§ **Activity**:
Return each line in the records below that includes "ultimately".

[[ Data for review open ]]

(* In the setting described in the context, assume $t$ is prime, and let $O_{i_1},\dots,O_{i_{s(p,t)}}$ be representatives of the orbits of the action of $\langle\tau\rangle$ on $\{O_1,\dots,O_{t-1}\}$ (where $\tau(O_i)=O_{pi\bmod t}$). Then $$w_0+\frac{t-1}{s(p,t)}\sum_{j=1}^{s(p,t)}w_{i_j}=q+1,\qquad w_0^2+\frac{t-1}{s(p,t)}\sum_{j=1}^{s(p,t)}w_{i_j}^2=\frac{q^2+(t+1)q+1}{t}.$$
   Context: Let $q=p^h$ with $p$ prime, $h\ge1$. Let $\alpha$ be a primitive element of $\mathbb{F}_{q^3}$; the points of $PG(2,q)$ are the 1-dimensional $\mathbb{F}_q$-subspaces of $\mathbb{F}_{q^3}$, and $P_i$ denotes the point represented by $\alpha^i$, so $PG(2,q)=\{P_0,\dots,P_{q^2+q}\}$. Let $\tau:P_i\mapsto P_{ip\bmod(q^2+q+1)}$ (a collineation) and let $\ell_0$ be a line of $PG(2,q)$ fixed by $\tau$. Let $t$ be a positive divisor of $q^2+q+1$ and for $i=0,\dots,t-1$ let $O_i=\{P_u:u\equiv i\pmod t\}$. For $u=0,\dots,t-1$ let $w_u=|\ell_0\cap O_u|$. Let $s(p,t)$ be the number of orbits on $\mathbb{Z}_t\setminus\{0\}$ of the group generated by $i\mapsto p\cdot i\pmod t$. *)

theory Defs
  imports Complex_Main "HOL-Computational_Algebra.Primes"
begin

text \<open>Model of F_{q^3}: a finite field type 'a with CARD('a) = q^3.
  The subfield F_q is {c. c^q = c}.\<close>

definition Fq :: "nat \<Rightarrow> 'a::{field,finite} set" where
  "Fq q = {c. c ^ q = c}"

definition primitive_elem :: "'a::{field,finite} \<Rightarrow> bool" where
  "primitive_elem \<alpha> \<longleftrightarrow> (\<forall>x. x \<noteq> 0 \<longrightarrow> (\<exists>i::nat. x = \<alpha> ^ i))"

text \<open>The point P_i: the 1-dimensional F_q-subspace spanned by alpha^i.\<close>
definition pg_point :: "nat \<Rightarrow> 'a::{field,finite} \<Rightarrow> nat \<Rightarrow> 'a set" where
  "pg_point q \<alpha> i = {c * \<alpha> ^ i | c. c \<in> Fq q}"

definition Fq_subspace :: "nat \<Rightarrow> 'a::{field,finite} set \<Rightarrow> bool" where
  "Fq_subspace q L \<longleftrightarrow> 0 \<in> L \<and> (\<forall>x\<in>L. \<forall>y\<in>L. x + y \<in> L)
     \<and> (\<forall>c\<in>Fq q. \<forall>x\<in>L. c * x \<in> L)"

text \<open>A line of PG(2,q): a 2-dimensional F_q-subspace of F_{q^3} (q^2 elements).\<close>
definition pg_line :: "nat \<Rightarrow> 'a::{field,finite} set \<Rightarrow> bool" where
  "pg_line q L \<longleftrightarrow> Fq_subspace q L \<and> card L = q ^ 2"

definition line_points :: "nat \<Rightarrow> 'a::{field,finite} \<Rightarrow> 'a set \<Rightarrow> 'a set set" where
  "line_points q \<alpha> L = {pg_point q \<alpha> i | i. i < q^2 + q + 1 \<and> pg_point q \<alpha> i \<subseteq> L}"

definition orbit_O :: "nat \<Rightarrow> 'a::{field,finite} \<Rightarrow> nat \<Rightarrow> nat \<Rightarrow> 'a set set" where
  "orbit_O q \<alpha> t u = {pg_point q \<alpha> i | i. i < q^2 + q + 1 \<and> i mod t = u}"

text \<open>tau fixes L: tau(P_i) = P_{ip mod (q^2+q+1)} lies on L iff P_i does.\<close>
definition tau_fixed :: "nat \<Rightarrow> nat \<Rightarrow> 'a::{field,finite} \<Rightarrow> 'a set \<Rightarrow> bool" where
  "tau_fixed p q \<alpha> L \<longleftrightarrow> (\<forall>i < q^2 + q + 1.
     pg_point q \<alpha> i \<subseteq> L \<longleftrightarrow> pg_point q \<alpha> ((i * p) mod (q^2 + q + 1)) \<subseteq> L)"

definition mult_orbit :: "nat \<Rightarrow> nat \<Rightarrow> nat \<Rightarrow> nat set" where
  "mult_orbit p t i = {(p ^ k * i) mod t | k. True}"

definition s_pt :: "nat \<Rightarrow> nat \<Rightarrow> nat" where
  "s_pt p t = card (mult_orbit p t ` {1..<t})"

end

theory Submission
  imports Defs "HOL-Number_Theory.Number_Theory"
begin

text \<open>
  Let \<open>m = q\<^sup>3 - 1\<close> and \<open>n = q\<^sup>2 + q + 1\<close>. Since \<open>F\<^sub>q\<^sup>* = \<langle>\<alpha>\<^sup>n\<rangle>\<close>, the point \<open>P\<^sub>i\<close> lies on
  \<open>L\<close> iff \<open>i mod n\<close> lies in \<open>D = {i < n. \<alpha>\<^sup>i \<in> L}\<close>, and \<open>w\<^sub>u\<close> counts the elements of \<open>D\<close>
  congruent to \<open>u\<close> modulo \<open>t\<close>; so \<open>\<Sum> w\<^sub>u = |D| = q + 1\<close>. For every \<open>d\<close> the subspace
  \<open>L \<inter> \<alpha>\<^sup>-\<^sup>dL\<close> has at least \<open>q\<close> elements, by the product formula for subgroups. Summing over
  \<open>d\<close> and comparing with \<open>|L - {0}|\<^sup>2\<close> shows that the bound is attained whenever \<open>n\<close> does
  not divide \<open>d\<close>: \<open>D\<close> is a planar difference set modulo \<open>n\<close>. Counting pairs of \<open>D\<close> that are
  congruent modulo \<open>t\<close> then gives \<open>\<Sum> w\<^sub>u\<^sup>2 = q + n / t\<close>. Finally \<open>\<tau>\<close> maps the points of
  \<open>O\<^sub>u\<close> on \<open>L\<close> injectively to those of \<open>O\<^sub>p\<^sub>u\<close>, so \<open>w\<close> is constant on the orbits of
  multiplication by \<open>p\<close> on the nonzero residues modulo the prime \<open>t\<close>. These orbits all have
  \<open>(t - 1) / s(p,t)\<close> elements, which turns the sums over all \<open>u \<noteq> 0\<close> into the weighted sums
  over the representatives.
\<close>

lemma finite_add_closed_imp_uminus_closed:
  fixes L :: "'a::ab_group_add set"
  assumes "finite L" "0 \<in> L" "\<And>x y. x \<in> L \<Longrightarrow> y \<in> L \<Longrightarrow> x + y \<in> L" "x \<in> L"
  shows "- x \<in> L"
proof -
  have "(\<lambda>y. x + y) ` L = L"
    using assms by (intro endo_inj_surj) (auto simp: inj_on_def)
  then obtain y where "y \<in> L" "x + y = 0"
    using assms(2) by (metis imageE)
  then show ?thesis
    by (metis add.commute add_eq_0_iff2)
qed

lemma card_mult_card_le_card_Int_mult_card_UNIV:
  fixes L M :: "'a::{ab_group_add,finite} set"
  assumes L: "\<And>x y. x \<in> L \<Longrightarrow> y \<in> L \<Longrightarrow> x - y \<in> L"
    and M: "\<And>x y. x \<in> M \<Longrightarrow> y \<in> M \<Longrightarrow> x - y \<in> M"
  shows "card L * card M \<le> card (L \<inter> M) * card (UNIV :: 'a set)"
proof -
  define F where "F s = {(a, b). a \<in> L \<and> b \<in> M \<and> a + b = s}" for s
  have fibre: "card (F s) \<le> card (L \<inter> M)" for s
  proof (cases "F s = {}")
    case False
    then obtain a0 b0 where ab0: "(a0, b0) \<in> F s" by auto
    have "inj_on (\<lambda>(a, b). a - a0) (F s)"
      by (auto simp: inj_on_def F_def)
    moreover have "a - a0 \<in> L \<inter> M" if "(a, b) \<in> F s" for a b
    proof -
      have "a - a0 \<in> L"
        using that ab0 L by (auto simp: F_def)
      moreover have "b0 - b \<in> M"
        using that ab0 M by (auto simp: F_def)
      moreover have "a - a0 = b0 - b"
        using that ab0 by (auto simp: F_def algebra_simps)
      ultimately show ?thesis by simp
    qed
    then have "(\<lambda>(a, b). a - a0) ` F s \<subseteq> L \<inter> M"
      by auto
    ultimately show ?thesis by (metis card_image card_mono finite)
  qed simp
  have "L \<times> M = (\<Union>s. F s)"
    by (auto simp: F_def)
  then have "card L * card M = card (\<Union>s. F s)"
    by (metis card_cartesian_product)
  also have "\<dots> \<le> (\<Sum>s\<in>UNIV. card (F s))"
    by (rule card_UN_le) simp
  also have "\<dots> \<le> (\<Sum>s\<in>(UNIV::'a set). card (L \<inter> M))"
    by (rule sum_mono) (rule fibre)
  also have "\<dots> = card (L \<inter> M) * card (UNIV :: 'a set)"
    by simp
  finally show ?thesis .
qed

lemma finite_field_power_card_minus_one:
  fixes x :: "'a::{field,finite}"
  assumes "x \<noteq> 0"
  shows "x ^ (card (UNIV :: 'a set) - 1) = 1"
proof -
  let ?U = "UNIV - {0::'a}"
  have "(\<Prod>y\<in>?U. x * y) = (\<Prod>y\<in>?U. y)"
    by (rule prod.reindex_bij_witness[of _ "\<lambda>y. y / x" "\<lambda>y. x * y"]) (use assms in auto)
  then have "x ^ card ?U * \<Prod>?U = 1 * \<Prod>?U"
    by (simp add: prod.distrib)
  then show ?thesis
    by (simp add: card_Diff_singleton)
qed

lemma card_dvd_less_mult:
  assumes "k > 0"
  shows "card {d. d < c * k \<and> k dvd d} = c"
proof -
  have "{d. d < c * k \<and> k dvd d} = (\<lambda>j. k * j) ` {..<c}"
    using assms by (auto elim!: dvdE simp: mult.commute)
  moreover have "inj_on (\<lambda>j. k * j) {..<c}" using assms by (auto simp: inj_on_def)
  ultimately show ?thesis by (simp add: card_image)
qed

lemma card_mod_preimage_less_mult:
  assumes "A \<subseteq> {..<n}"
  shows "card {k. k < c * n \<and> k mod n \<in> A} = c * card A"
proof -
  have "bij_betw (\<lambda>(a, j). j * n + a) (A \<times> {..<c}) {k. k < c * n \<and> k mod n \<in> A}"
  proof (rule bij_betw_byWitness[where f' = "\<lambda>k. (k mod n, k div n)"])
    show "\<forall>x\<in>A \<times> {..<c}. (\<lambda>k. (k mod n, k div n)) ((\<lambda>(a, j). j * n + a) x) = x"
      using assms by auto
    show "\<forall>k\<in>{k. k < c * n \<and> k mod n \<in> A}. (\<lambda>(a, j). j * n + a) (k mod n, k div n) = k"
      by simp
    show "(\<lambda>(a, j). j * n + a) ` (A \<times> {..<c}) \<subseteq> {k. k < c * n \<and> k mod n \<in> A}"
    proof clarify
      fix a j assume "a \<in> A" "j < c"
      moreover have "a < n" using \<open>a \<in> A\<close> assms by auto
      moreover have "Suc j * n \<le> c * n" using \<open>j < c\<close> by (intro mult_le_mono1) simp
      ultimately show "j * n + a < c * n \<and> (j * n + a) mod n \<in> A" by simp
    qed
    show "(\<lambda>k. (k mod n, k div n)) ` {k. k < c * n \<and> k mod n \<in> A} \<subseteq> A \<times> {..<c}"
    proof clarify
      fix k assume "k < c * n" "k mod n \<in> A"
      then have "n > 0" using assms by (metis gr_zeroI lessThan_iff mod_by_0 not_less0 subsetD)
      then show "k div n < c" using \<open>k < c * n\<close> by (simp add: div_less_iff_less_mult)
    qed
  qed
  moreover have "finite A" using assms finite_subset by blast
  ultimately show ?thesis
    by (simp add: bij_betw_same_card[symmetric] card_cartesian_product)
qed

lemma mod_eq_iff_dvd_mod_diff:
  fixes t m x y :: nat
  assumes "t dvd m" "y < m"
  shows "x mod t = y mod t \<longleftrightarrow> t dvd (x + m - y) mod m"
proof -
  have "t dvd (x + m - y) mod m \<longleftrightarrow> t dvd x + m - y"
    using assms(1) by (metis dvd_mod_iff)
  also have "\<dots> \<longleftrightarrow> (x + m) mod t = y mod t"
    using assms(2) by (intro mod_eq_dvd_iff_nat[symmetric]) simp
  also have "(x + m) mod t = x mod t"
    using assms(1) by (auto elim!: dvdE)
  finally show ?thesis by simp
qed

[[ Data for review closed ]]

§ **Result for this exercise**:
      ultimately show ?thesis by simp
    ultimately show ?thesis by (metis card_image card_mono finite)
  ultimately show ?thesis by (simp add: card_image)
      ultimately show "j * n + a < c * n \<and> (j * n + a) mod n \<in> A" by simp
  ultimately show ?thesis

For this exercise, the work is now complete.